Это было около полуночи, когда Турбин после впрыскивания морфия уснул, а Елена расположилась в кресле у его постели. В гостиной составился военный совет.
Решено было всем оставаться ночевать. Во‐первых, ночью, даже с хорошими документами, ходить не к чему. Во‐вторых, тут и Елене лучше – то да се… помочь. А самое главное, что дома в такое времечко именно лучше не сидеть, а находиться в гостях. А еще, самое главное, и делать нечего. А вот винт составить можно.

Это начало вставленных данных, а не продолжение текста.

(* Let $\mathcal{T}=(\mathbb{K}_i,\phi_i)_{i=0,\dots,m}$ be a tower with $\mathbb{K}_0=\emptyset$ whose maps are elementary inclusions or elementary contractions, named according to the naming convention below, and let $\hat{\mathbb{K}}_0,\dots,\hat{\mathbb{K}}_m$ be the active small coning construction. For every $0\le i\le m$, $\mathbb{K}_i\subseteq\hat{\mathbb{K}}_i$ and the complex $\hat{\mathbb{K}}_i$ collapses to $\mathbb{K}_i$.
   Context: A free face of a complex is a simplex with exactly one proper coface; an elementary collapse removes a free face and its unique proper coface; $\mathbb{K}$ collapses to $\mathbb{L}$ if a sequence of elementary collapses transforms $\mathbb{K}$ into $\mathbb{L}$. Elementary inclusion: $\mathbb{K}_{i+1}=\mathbb{K}_i\cup\{\sigma\}$, $\sigma\notin\mathbb{K}_i$. Elementary contraction of distinct vertices $u,v$: for one of them, say $v$, the vertex set of $\mathbb{K}_{i+1}$ is that of $\mathbb{K}_i$ minus $v$, $\phi_i(u)=\phi_i(v)=u$, identity elsewhere, $\mathbb{K}_{i+1}=\phi_i(\mathbb{K}_i)$. Active small coning construction: $\hat{\mathbb{K}}_0=\emptyset$; vertices flagged active/inactive, simplex active iff all its vertices are; $\mathrm{Act}\overline{\mathrm{St}}(w,\hat{\mathbb{K}}_i)$ = active simplices of $\hat{\mathbb{K}}_i$ in the closed star of $w$. Inclusion of $\sigma$: add $\sigma$, new vertex active. Contraction of $u,v$: if $|\mathrm{Act}\overline{\mathrm{St}}(u,\hat{\mathbb{K}}_i)|\le|\mathrm{Act}\overline{\mathrm{St}}(v,\hat{\mathbb{K}}_i)|$, $\hat{\mathbb{K}}_{i+1}=\hat{\mathbb{K}}_i\cup\{\{v\}\cup\tau:\tau\in\mathrm{Act}\overline{\mathrm{St}}(u,\hat{\mathbb{K}}_i)\}$ and $u$ is marked inactive; otherwise the same with $u,v$ exchanged. Naming convention: each contraction maps $u,v$ to the vertex not marked inactive. *)

theory Defs
  imports Main
begin
(* Let $M$ be a quasi-permutation matrix. The permutations that are minimal (for the pattern order) among permutations containing $M$ as a submatrix are exactly the permutations whose matrices can be obtained from $M$ by inserting rows, each containing exactly one entry $1$, this entry lying in a column of $M$ consisting only of $0$'s, and inserting columns, each containing exactly one entry $1$, this entry lying in a row of $M$ consisting only of $0$'s.
   Context: A quasi-permutation matrix is a binary matrix with at most one entry $1$ in each row and in each column. A permutation $\sigma$ of $\{1,\dots,n\}$ is identified with its permutation matrix $M_\sigma$ ($M_\sigma(i,j)=1$ iff $i=\sigma(j)$, rows numbered bottom to top). A matrix $M$ is a submatrix of $N$ if $M$ is obtained from $N$ by deleting some rows and/or columns; the pattern order on permutations is the submatrix order restricted to permutation matrices. *)

theory Defs
  imports "HOL-Combinatorics.Permutations"
begin

text \<open>A binary matrix with r rows and c columns is given by its dimensions and a
  function A :: nat => nat => bool; only entries A i j with i < r, j < c matter.
  Row/column indices start at 0.\<close>

definition quasi_perm :: "nat \<Rightarrow> nat \<Rightarrow> (nat \<Rightarrow> nat \<Rightarrow> bool) \<Rightarrow> bool" where
  "quasi_perm r c A \<longleftrightarrow>
     (\<forall>i<r. \<forall>j<c. \<forall>j'<c. A i j \<and> A i j' \<longrightarrow> j = j') \<and>
     (\<forall>j<c. \<forall>i<r. \<forall>i'<r. A i j \<and> A i' j \<longrightarrow> i = i')"

definition perm_mat :: "(nat \<Rightarrow> nat) \<Rightarrow> nat \<Rightarrow> nat \<Rightarrow> bool" where
  "perm_mat \<sigma> i j \<longleftrightarrow> i = \<sigma> j"

definition submatrix ::
  "nat \<Rightarrow> nat \<Rightarrow> (nat \<Rightarrow> nat \<Rightarrow> bool) \<Rightarrow> nat \<Rightarrow> nat \<Rightarrow> (nat \<Rightarrow> nat \<Rightarrow> bool) \<Rightarrow> bool" where
  "submatrix r c A R C B \<longleftrightarrow>
     (\<exists>f g. strict_mono_on {..<r} f \<and> f ` {..<r} \<subseteq> {..<R} \<and>
            strict_mono_on {..<c} g \<and> g ` {..<c} \<subseteq> {..<C} \<and>
            (\<forall>i<r. \<forall>j<c. A i j = B (f i) (g j)))"

definition pattern_le :: "nat \<Rightarrow> (nat \<Rightarrow> nat) \<Rightarrow> nat \<Rightarrow> (nat \<Rightarrow> nat) \<Rightarrow> bool" where
  "pattern_le m \<tau> n \<sigma> \<longleftrightarrow> submatrix m m (perm_mat \<tau>) n n (perm_mat \<sigma>)"

definition minimal_containing ::
  "nat \<Rightarrow> nat \<Rightarrow> (nat \<Rightarrow> nat \<Rightarrow> bool) \<Rightarrow> nat \<Rightarrow> (nat \<Rightarrow> nat) \<Rightarrow> bool" where
  "minimal_containing r c A n \<sigma> \<longleftrightarrow>
     \<sigma> permutes {..<n} \<and> submatrix r c A n n (perm_mat \<sigma>) \<and>
     (\<forall>m \<tau>. \<tau> permutes {..<m} \<and> submatrix r c A m m (perm_mat \<tau>) \<and> pattern_le m \<tau> n \<sigma>
        \<longrightarrow> m = n \<and> \<tau> = \<sigma>)"

definition obtained_by_insertion ::
  "nat \<Rightarrow> nat \<Rightarrow> (nat \<Rightarrow> nat \<Rightarrow> bool) \<Rightarrow> nat \<Rightarrow> nat \<Rightarrow> (nat \<Rightarrow> nat \<Rightarrow> bool) \<Rightarrow> bool" where
  "obtained_by_insertion r c A R C B \<longleftrightarrow>
     (\<exists>f g. strict_mono_on {..<r} f \<and> f ` {..<r} \<subseteq> {..<R} \<and>
            strict_mono_on {..<c} g \<and> g ` {..<c} \<subseteq> {..<C} \<and>
            (\<forall>i<r. \<forall>j<c. A i j = B (f i) (g j)) \<and>
            (\<forall>i<R. i \<notin> f ` {..<r} \<longrightarrow>
               (\<exists>!j. j < C \<and> B i j) \<and>
               (\<forall>j<C. B i j \<longrightarrow> (\<exists>j'<c. j = g j' \<and> (\<forall>i'<r. \<not> A i' j')))) \<and>
            (\<forall>j<C. j \<notin> g ` {..<c} \<longrightarrow>
               (\<exists>!i. i < R \<and> B i j) \<and>
               (\<forall>i<R. B i j \<longrightarrow> (\<exists>i'<r. i = f i' \<and> (\<forall>j'<c. \<not> A i' j')))))"

end

theory Submission
  imports Defs
begin

text \<open>Fix an embedding of M into the permutation matrix of \<sigma>, and call a column of \<sigma>
  covered if it is an embedded column or its 1 lies in an embedded row. Keeping only the
  covered columns and the rows of their 1s gives a pattern of \<sigma> that still contains M, so
  for minimal \<sigma> every column is covered, which is exactly the insertion condition.
  Conversely, the number of covered columns is r + c minus the number of nonzero columns of M,
  independently of the permutation and the embedding. If \<sigma> is obtained by insertion and
  \<tau> \<le> \<sigma> contains M, composing the embeddings shows that all n columns of \<sigma> are covered
  through columns of \<tau>, so \<tau> has size n and equals \<sigma>.\<close>

lemma sorted_list_of_set_nth_strict_mono_on:
  "strict_mono_on {..<card X} ((!) (sorted_list_of_set (X :: 'a::linorder set)))"
proof (rule strict_mono_onI)
  fix i j assume "i \<in> {..<card X}" "j \<in> {..<card X}" "i < j"
  then show "sorted_list_of_set X ! i < sorted_list_of_set X ! j"
    using sorted_wrt_nth_less[OF strict_sorted_list_of_set] by simp
qed

lemma sorted_list_of_set_nth_image:
  "finite X \<Longrightarrow> (!) (sorted_list_of_set X) ` {..<card X} = X"
  by (metis atLeast_upt image_set length_sorted_list_of_set map_nth set_sorted_list_of_set)

lemma strict_mono_on_lessThan_self_eq:
  fixes q :: "nat \<Rightarrow> nat"
  assumes mono: "strict_mono_on {..<n} q" and into: "q ` {..<n} \<subseteq> {..<n}" and "j < n"
  shows "q j = j"
proof -
  have lower: "k < n \<Longrightarrow> k \<le> q k" for k
  proof (induction k)
    case (Suc k)
    then show ?case using strict_mono_onD[OF mono, of k "Suc k"] by simp
  qed simp
  have upper: "d < n \<Longrightarrow> q (n - 1 - d) \<le> n - 1 - d" for d
  proof (induction d)
    case 0
    then have "n - 1 \<in> {..<n}" by simp
    then have "q (n - 1) < n" using into by blast
    then show ?case by simp
  next
    case (Suc d)
    then have "q (n - 1 - Suc d) < q (n - 1 - d)" using strict_mono_onD[OF mono] by simp
    with Suc show ?case by simp
  qed
  show ?thesis using lower[of j] upper[of "n - 1 - j"] \<open>j < n\<close> by simp
qed

lemma perm_mat_row_ex1:
  assumes "\<sigma> permutes {..<n}" "i < n"
  shows "\<exists>!j. j < n \<and> perm_mat \<sigma> i j"
proof (rule ex1I)
  show "inv \<sigma> i < n \<and> perm_mat \<sigma> i (inv \<sigma> i)"
    using assms permutes_inverses(1)[OF assms(1)] permutes_in_image[OF assms(1), of "inv \<sigma> i"]
    by (simp add: perm_mat_def)
  show "j < n \<and> perm_mat \<sigma> i j \<Longrightarrow> j = inv \<sigma> i" for j
    using permutes_inverses(2)[OF assms(1)] by (simp add: perm_mat_def)
qed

– Вы играете? – спросил Мышлаевский у Лариосика.
Лариосик покраснел, смутился и сразу все выговорил, и что в винт он играет, но очень, очень плохо… Лишь бы его не ругали, как ругали в Житомире податные инспектора… Что он потерпел драму, но здесь, у Елены Васильевны, оживает душой, потому что это совершенно исключительный человек, Елена Васильевна, и в квартире у них тепло и уютно, в особенности замечательны кремовые шторы на всех окнах, благодаря чему чувствуешь себя оторванным от внешнего мира… А он, этот внешний мир… согласитесь сами, грязен, кровав и бессмыслен.